Security of Payment

Recourse to security: payment claims aren’t just ‘for construction work’

EnerMech Pty Ltd v Acciona Infrastructure Projects Australia Pty Ltd 2024 NSWCA 162

Andrew Hales | Maciej Getta  |  Cedric Barakat

Key takeouts

  • Progress claims under the Building and Construction Industry Security of Payment Act 1999 (NSW) do not need to be ‘for construction work’.  
  • A claim must be for an amount due under a construction contract and could include a claim for recovery of security provided under the contract to which recourse has been had.  
  • This decision also emphasises that the adjudicator’s decision on the validity of a payment claim, even if legally erroneous, cannot be considered by the court.  The practical implications are far reaching.

Facts

The adjudication

In June 2020, EnerMech Pty Ltd (EnerMech) entered into a subcontract with Acciona Infrastructure Projects Australia Pty Ltd, Samsung C&T Corporation and Bouygues Construction Australia Pty Ltd (ASBJV) to provide electrical works for part of the WestConnex project in Sydney.

In May 2023, ASBJV made a demand against the security (approximately $9 million) that EnerMech had procured by way of unconditional undertakings provided by HSBC.

On 8 June 2023, EnerMech issued a payment claim for over $10 million (PC 29), being for the amount previously certified as payable, a minor variation and what was in effect a credit for the security which EnerMech said ASBJV had wrongfully obtained.  ASBJV certified the amount payable in respect of PC 29 as $nil, save for the minor variation amount, because ASBJV said the amount claimed for the security was not ‘for construction work’ and therefore the payment claim was invalid.

On 7 July 2023, EnerMech applied for adjudication under the Building and Construction Industry Security of Payment Act 1999 (NSW) (Act).  The adjudicator ruled in EnerMech’s favour.

Primary decision

ASBJV challenged the adjudicator’s determination, claiming the payment claim was invalid as it sought to recover an amount obtained through a contractual entitlement to have recourse to security rather than for construction work.

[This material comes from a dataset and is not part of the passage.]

(* Fix job indices $s,k'$ and an integer time $\theta\ge r_s$ such that every job $j\le k'$ with $r_s\le r_j<\theta$ satisfies $C^{\mathrm{edf}}_{s,j}\le\theta$. Suppose there is an $(s,k')$-schedule $Q$ with $C_{\max}(Q)>\theta$ and at most $g$ gaps. Then there is an $(s,k')$-schedule $R$ that schedules all jobs $j\le k'$ with $r_s\le r_j<\theta$ and satisfies: (a) $C_{\max}(R)\le\theta$ and $R$ has at most $g$ gaps; (b) if $C_{\max}(R)<\theta$ then $R$ has strictly fewer than $g$ gaps.
   Context: Time is discrete (slots $[t,t+1)$). There are $n$ jobs, job $j$ with integer processing time $p_j\ge1$, release time $r_j$, deadline $d_j$; jobs are indexed so that $d_1<\dots<d_n$, release times are pairwise distinct, and the instance is feasible. A (partial, preemptive) schedule assigns to each slot at most one job so that each job it schedules receives exactly $p_j$ slots in $[r_j,d_j)$; schedules are taken with the earliest-deadline property (whenever busy at slot $t$, run the released, not yet completed scheduled job of smallest deadline). $C_j(S)$ is the completion time of $j$, $C_{\max}(S)=\max_jC_j(S)$. For $s\in\{1,\dots,n\}$, $k\in\{0,\dots,n\}$, an $(s,k)$-schedule is a schedule $S$ with $C_{\max}(S)\le d_k$ scheduling exactly the jobs $j\le k$ with $r_s\le r_j<C_{\max}(S)$; the empty schedule counts, with $C_{\max}=r_s$. Gaps of an $(s,k)$-schedule: maximal idle intervals between its blocks (maximal busy intervals), plus the idle interval from $r_s$ to its first block if nonempty. For $r_j\ge r_s$, $C^{\mathrm{edf}}_{s,j}$ is the minimum completion time of job $j$ over all $(s,j)$-schedules that schedule $j$. *)

theory Defs
  imports Main
begin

On 14 December 2023, Stevenson J ruled in favour of ASBJV.  EnerMech appealed this decision on two grounds, being that Stevenson J erred in holding that:

  1.  a payment claim may be made only ‘for construction work’; and
  2.  the court has jurisdiction to determine that question.

Decision  

The Court of Appeal allowed the appeal and set aside Stevenson J’s decision.

The court found that a payment claim is valid even if it is not a claim ‘for construction work’, including for example, a claim for the recovery of amounts drawn on securities said to have been wrongfully called upon.  The key point was that the claim was for an amount of money said to be payable under a construction contract.

Does a payment claim need to be ‘for construction work’?

The judgment clarified that the focus should be on payments due under the construction contract.  This interpretation aligns with section 13(1) of the Act, which states that a person claiming a progress payment must serve a claim on someone who ‘under the construction contract concerned, is or may be liable to make the payment’.  

The court emphasised that the phrases ‘under the construction contract’ and ‘for construction work’ are labels and should not determine the nature of the claim.  Fundamentally, the purpose of the Act centres on the construction contract, overlaid by a statutory entitlement to progress payments.  This reinforces previous findings in Southern Han and other cases.

Given the objectives, structure, and clear language of the Act, there is limited scope to imply unstated conditions as being necessary to make either a payment claim or payment schedule valid.  Using different ways to describe a claim creates uncertainty when trying to identify an implied condition of validity.  Even if there was more flexibility to imply limitations on the Act, it would still be problematic.  The court provided a simple summation:

‘the claimant states “I am owed $x for construction work undertaken under the construction contract”; the respondent replies, “I have paid $x in full and no further amount is owing”. In such a circumstance, the correctness of the claim and the response would be matters for determination by an adjudicator.’

Jurisdiction – when can a court review an adjudicator’s decision?

The court found that an adjudicator’s decision as to the validity of a payment claim is not something that the court has jurisdiction to consider.

Questions about the construction contract and the Act as a whole, as they apply to the payment claim and payment schedule, are for the adjudicator to decide.  This aligns with the Act’s purpose and operation, specifically sections 25(1) and 25(4), which confirm that the adjudicator’s interpretation of the contract, even if legally incorrect, cannot be contested.